Bueno, creo que ningún Mexicano ha respondido, en México la tradición se ha extendido y se llama simplemente "baby shower", no tengo otro término para este tipo de fiestas o reuniones, nunca he escuchado uno distinto. La mayoría de las mujeres embarazadas tiene uno o más!! y aclarando...si nos gustan los jueguitos!! casi siempre.


----------



## Argi

Hola! En las únicas ocasiones que yo he oído hablar de estas fiestas en la series de televisión norteamericanas y lo suelen traducir como "fiesta del bebé"


----------



## borgonyon

*Té de canastilla* no suena mal. Pero --también buscaba una traducción-- nos quedamos con *baby shower* a secas.


----------



## 140278

En l Perú se dice igual "baby shower" pronunciado BEIbi SHAhuer.

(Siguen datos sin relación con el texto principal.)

(* Let $f:(\mathbb R^2,q)\to(\mathbb R^3,p)$ be a smooth map germ with a corank 1 singularity at $q$, with curvature parabola $\Delta_p$, axial vector $v_a$, adapted frame $\{v_a,\nu_2\}$ and axial normal curvature function $K_{v_a}(y)=\langle\eta(y),v_a\rangle$, and suppose $\kappa_a(p)$ is defined. Then $\kappa_a(p)=0$ if and only if either $\Delta_p$ is a point, or $\eta(y_0)$ is parallel to $\nu_2$, where $y_0$ is a critical point of $K_{v_a}$.
   Context: Let $f:(\mathbb R^2,q)\to(\mathbb R^3,p)$ be a smooth germ with $\operatorname{rank} df_q=1$; $M$ is its image. $T_pM=\operatorname{im} df_q$ and $N_pM$ is its orthogonal complement (normal plane), with a fixed orientation. The first fundamental form is $I(X,Y)=\langle df_q X,df_qY\rangle$ on $T_q\mathbb R^2$. The second fundamental form $II:T_q\mathbb R^2\times T_q\mathbb R^2\to N_pM$ is the symmetric bilinear map with $II(\partial_u,\partial_u)=f_{uu}(q)^\perp$, $II(\partial_u,\partial_v)=f_{uv}(q)^\perp$, $II(\partial_v,\partial_v)=f_{vv}(q)^\perp$ ($\perp$ = orthogonal projection onto $N_pM$). With $C_q=\{X: I(X,X)=1\}$, the curvature parabola is $\Delta_p=\{II(X,X):X\in C_q\}$. Choosing coordinates with $f_v(q)=0$, $|f_u(q)|=1$, $C_q=\{\pm(\partial_u+y\partial_v)\}$ and $\Delta_p$ is parametrized by $\eta(y)=II(\partial_u+y\partial_v,\partial_u+y\partial_v)$, $y\in\mathbb R$; $\Delta_p$ is a non-degenerate parabola, a half-line, a line, or a point. If $\Delta_p$ is a line or half-line, set $\eta(y_\infty)=\eta'(y)/|\eta'(y)|$ for any $y>0$ with $\eta'(y)\neq0$. Axial vector $v_a\in N_pM$: if $\Delta_p$ is a non-degenerate parabola, let $v_d$ be the unit vector in the direction of its directrix and $v_a$ the unit vector with $\{v_a,v_d\}$ a positively oriented orthonormal frame (so $v_a$ points along the axis of symmetry towards the interior of the parabola); if $\Delta_p$ is a line or half-line, $v_a=\eta(y_\infty)$; if $\Delta_p$ is a point other than the origin, $v_a$ is such that $\{v_a,\eta/|\eta|\}$ is a positively oriented orthonormal frame; if $\Delta_p$ is the origin, $v_a$ is any unit vector. The adapted frame is $\{v_a,\nu_2\}$, the positively oriented orthonormal frame of $N_pM$ containing $v_a$. The axial curvature is $\kappa_a(p)=\min\{\langle\eta(y),v_a\rangle: y\in\mathbb R\}$, when this minimum exists (it does not when $\Delta_p$ is a line). *)

theory Defs
  imports "HOL-Analysis.Analysis"
begin

fun Ck :: "nat \<Rightarrow> ('a::real_normed_vector \<Rightarrow> 'b::real_normed_vector) \<Rightarrow> 'a set \<Rightarrow> bool" where
  "Ck 0 f U = continuous_on U f"
| "Ck (Suc k) f U = (f differentiable_on U \<and> (\<forall>h. Ck k (\<lambda>x. frechet_derivative f (at x) h) U))"

definition smooth_on :: "'a::real_normed_vector set \<Rightarrow> ('a \<Rightarrow> 'b::real_normed_vector) \<Rightarrow> bool" where
  "smooth_on U f = (\<forall>k. Ck k f U)"

definition smooth_germ :: "(real \<times> real \<Rightarrow> real^3) \<Rightarrow> real \<times> real \<Rightarrow> bool" where
  "smooth_germ f q = (\<exists>U. open U \<and> q \<in> U \<and> smooth_on U f)"

definition dfq :: "(real \<times> real \<Rightarrow> real^3) \<Rightarrow> real \<times> real \<Rightarrow> real \<times> real \<Rightarrow> real^3" where
  "dfq f q = frechet_derivative f (at q)"

definition rank_df :: "(real \<times> real \<Rightarrow> real^3) \<Rightarrow> real \<times> real \<Rightarrow> nat" where
  "rank_df f q = dim (range (dfq f q))"

definition D2f :: "(real \<times> real \<Rightarrow> real^3) \<Rightarrow> real \<times> real \<Rightarrow> real \<times> real \<Rightarrow> real \<times> real \<Rightarrow> real^3" where
  "D2f f q X Y = frechet_derivative (\<lambda>x. frechet_derivative f (at x) Y) (at q) X"

definition TpM :: "(real \<times> real \<Rightarrow> real^3) \<Rightarrow> real \<times> real \<Rightarrow> (real^3) set" where
  "TpM f q = range (dfq f q)"

definition NpM :: "(real \<times> real \<Rightarrow> real^3) \<Rightarrow> real \<times> real \<Rightarrow> (real^3) set" where
  "NpM f q = {w. \<forall>t \<in> TpM f q. w \<bullet> t = 0}"

definition nproj :: "(real \<times> real \<Rightarrow> real^3) \<Rightarrow> real \<times> real \<Rightarrow> real^3 \<Rightarrow> real^3" where
  "nproj f q w = (THE n. n \<in> NpM f q \<and> w - n \<in> TpM f q)"

definition FFI :: "(real \<times> real \<Rightarrow> real^3) \<Rightarrow> real \<times> real \<Rightarrow> real \<times> real \<Rightarrow> real \<times> real \<Rightarrow> real" where
  "FFI f q X Y = dfq f q X \<bullet> dfq f q Y"

definition FFII :: "(real \<times> real \<Rightarrow> real^3) \<Rightarrow> real \<times> real \<Rightarrow> real \<times> real \<Rightarrow> real \<times> real \<Rightarrow> real^3" where
  "FFII f q X Y = nproj f q (D2f f q X Y)"

text \<open>Curvature parabola Delta_p and its parametrization eta (in the adapted coordinates).\<close>
definition curvature_parabola :: "(real \<times> real \<Rightarrow> real^3) \<Rightarrow> real \<times> real \<Rightarrow> (real^3) set" where
  "curvature_parabola f q = {FFII f q X X | X. FFI f q X X = 1}"

definition eta :: "(real \<times> real \<Rightarrow> real^3) \<Rightarrow> real \<times> real \<Rightarrow> real \<Rightarrow> real^3" where
  "eta f q y = FFII f q (1, y) (1, y)"

definition is_point_set :: "(real^3) set \<Rightarrow> bool" where
  "is_point_set S = (\<exists>P. S = {P})"

definition is_line_set :: "(real^3) set \<Rightarrow> bool" where
  "is_line_set S = (\<exists>P d. d \<noteq> 0 \<and> S = {P + t *\<^sub>R d | t. True})"

definition is_halfline_set :: "(real^3) set \<Rightarrow> bool" where
  "is_halfline_set S = (\<exists>P d. d \<noteq> 0 \<and> S = {P + t *\<^sub>R d | t. t \<ge> 0})"

text \<open>S is a non-degenerate parabola whose axis of symmetry has unit direction e pointing
  towards the interior (opening direction).\<close>
definition nd_parabola_with_axis :: "(real^3) set \<Rightarrow> real^3 \<Rightarrow> bool" where
  "nd_parabola_with_axis S e = (\<exists>V d k. norm e = 1 \<and> norm d = 1 \<and> d \<bullet> e = 0 \<and> k > 0 \<and>
      S = {V + t *\<^sub>R d + (k * t\<^sup>2) *\<^sub>R e | t. True})"

definition is_nd_parabola :: "(real^3) set \<Rightarrow> bool" where
  "is_nd_parabola S = (\<exists>e. nd_parabola_with_axis S e)"

text \<open>Orientation of N_pM fixed by a positively oriented orthonormal basis (e1,e2);
  (w1,w2) is positively oriented iff its determinant w.r.t. (e1,e2) is positive.\<close>
definition oriented_normal_basis :: "(real \<times> real \<Rightarrow> real^3) \<Rightarrow> real \<times> real \<Rightarrow> real^3 \<Rightarrow> real^3 \<Rightarrow> bool" where
  "oriented_normal_basis f q e1 e2 = (e1 \<in> NpM f q \<and> e2 \<in> NpM f q \<and> norm e1 = 1 \<and> norm e2 = 1 \<and> e1 \<bullet> e2 = 0)"

definition pos_oriented :: "real^3 \<Rightarrow> real^3 \<Rightarrow> real^3 \<Rightarrow> real^3 \<Rightarrow> bool" where
  "pos_oriented e1 e2 w1 w2 = ((w1 \<bullet> e1) * (w2 \<bullet> e2) - (w1 \<bullet> e2) * (w2 \<bullet> e1) > 0)"

definition pos_orthonormal_frame :: "(real \<times> real \<Rightarrow> real^3) \<Rightarrow> real \<times> real \<Rightarrow> real^3 \<Rightarrow> real^3 \<Rightarrow> real^3 \<Rightarrow> real^3 \<Rightarrow> bool" where
  "pos_orthonormal_frame f q e1 e2 w1 w2 = (w1 \<in> NpM f q \<and> w2 \<in> NpM f q \<and> norm w1 = 1 \<and> norm w2 = 1
      \<and> w1 \<bullet> w2 = 0 \<and> pos_oriented e1 e2 w1 w2)"

text \<open>Axial vector v_a (a relation, since for Delta_p = origin it is any unit vector).
  Line / half-line case: eta(y_infinity) = eta'(y)/|eta'(y)| for (all sufficiently large) y.\<close>
definition is_axial_vector :: "(real \<times> real \<Rightarrow> real^3) \<Rightarrow> real \<times> real \<Rightarrow> real^3 \<Rightarrow> real^3 \<Rightarrow> real^3 \<Rightarrow> bool" where
  "is_axial_vector f q e1 e2 va = (va \<in> NpM f q \<and> norm va = 1 \<and>
     (let S = curvature_parabola f q; deta = (\<lambda>y. vector_derivative (eta f q) (at y)) in
       (is_nd_parabola S \<and> nd_parabola_with_axis S va)
     \<or> ((is_line_set S \<or> is_halfline_set S) \<and>
          (\<forall>\<^sub>F y in at_top. deta y \<noteq> 0 \<and> va = (1 / norm (deta y)) *\<^sub>R deta y))
     \<or> (\<exists>P. S = {P} \<and> P \<noteq> 0 \<and> pos_orthonormal_frame f q e1 e2 va ((1 / norm P) *\<^sub>R P))
     \<or> S = {0}))"

definition is_adapted_frame :: "(real \<times> real \<Rightarrow> real^3) \<Rightarrow> real \<times> real \<Rightarrow> real^3 \<Rightarrow> real^3 \<Rightarrow> real^3 \<Rightarrow> real^3 \<Rightarrow> bool" where
  "is_adapted_frame f q e1 e2 va nu2 = pos_orthonormal_frame f q e1 e2 va nu2"

definition axial_normal_curvature :: "(real \<times> real \<Rightarrow> real^3) \<Rightarrow> real \<times> real \<Rightarrow> real^3 \<Rightarrow> real \<Rightarrow> real" where
  "axial_normal_curvature f q va y = eta f q y \<bullet> va"

definition axial_curvature_defined :: "(real \<times> real \<Rightarrow> real^3) \<Rightarrow> real \<times> real \<Rightarrow> real^3 \<Rightarrow> bool" where
  "axial_curvature_defined f q va =
     (\<exists>y0. \<forall>y. axial_normal_curvature f q va y0 \<le> axial_normal_curvature f q va y)"

definition axial_curvature :: "(real \<times> real \<Rightarrow> real^3) \<Rightarrow> real \<times> real \<Rightarrow> real^3 \<Rightarrow> real" where
  "axial_curvature f q va = Inf (range (axial_normal_curvature f q va))"

definition parallel :: "real^3 \<Rightarrow> real^3 \<Rightarrow> bool" where
  "parallel u w = (\<exists>t. u = t *\<^sub>R w)"

end

theory Submission
  imports Defs
begin

text \<open>In the adapted coordinates \<open>\<eta>(y)\<close> is a quadratic polynomial in \<open>y\<close> with values in the
  normal plane, so \<open>K(y) = \<langle>\<eta>(y), v\<^sub>a\<rangle>\<close> is a real quadratic polynomial. Since \<open>K\<close> attains its
  minimum, its leading coefficient is nonnegative and its critical points are exactly its
  minimisers. Hence \<open>\<kappa>\<^sub>a(p) = 0\<close> iff \<open>\<eta>\<close> is orthogonal to \<open>v\<^sub>a\<close> at some critical point, i.e. parallel
  to \<open>\<nu>\<^sub>2\<close>, because \<open>{v\<^sub>a, \<nu>\<^sub>2}\<close> is an orthonormal basis of the normal plane. If \<open>\<Delta>\<^sub>p\<close> is a point
  \<open>P\<close>, the definition of the axial vector forces \<open>v\<^sub>a \<perp> P\<close>, so \<open>K\<close> vanishes identically.\<close>

lemma linear_prod_real_expand:
  fixes L :: "real \<times> real \<Rightarrow> 'a::real_vector"
  assumes "linear L"
  shows "L (u, v) = u *\<^sub>R L (1, 0) + v *\<^sub>R L (0, 1)"
proof -
  have "(u, v) = u *\<^sub>R (1, 0) + v *\<^sub>R ((0, 1) :: real \<times> real)"
    by simp
  then show ?thesis
    by (metis linear_add[OF assms] linear_scale[OF assms])
qed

Una vez escuche una traducciòmn: fiesta pre-recepcion del bebé.


----------



## MSanchezC

En México si se llama simplemente "baby shower". En cuanto a algunas dudas que han surgido al respecto, quiero agregar que la fiesta se da antes del nacimiento del bebé para ayudar a los padres con los gastos, pero en lugar de dar dinero, se da en especie: pañales, ropa, etc.


----------



## GreenWhiteBlue

alsi said:


> Hola
> 
> ¿Alguien sabe de dónde viene la expresión "baby shower"?
> 
> Saludos


 

A "shower" is a party given for a woman by her friends in order to give her necessary gifts in preparation for an event -- and so the woman would be "showered" (a _shower_ is a light rain storm; _to shower_ means "to rain"/ _llove_r) with presents. The two main types are a "wedding shower" and a "baby shower". Traditionally, since the giving of gifts by the guests is obligatory, it was thought very bad form to have the hostess of the shower be the mother or the sister of the woman receiving the gifts. 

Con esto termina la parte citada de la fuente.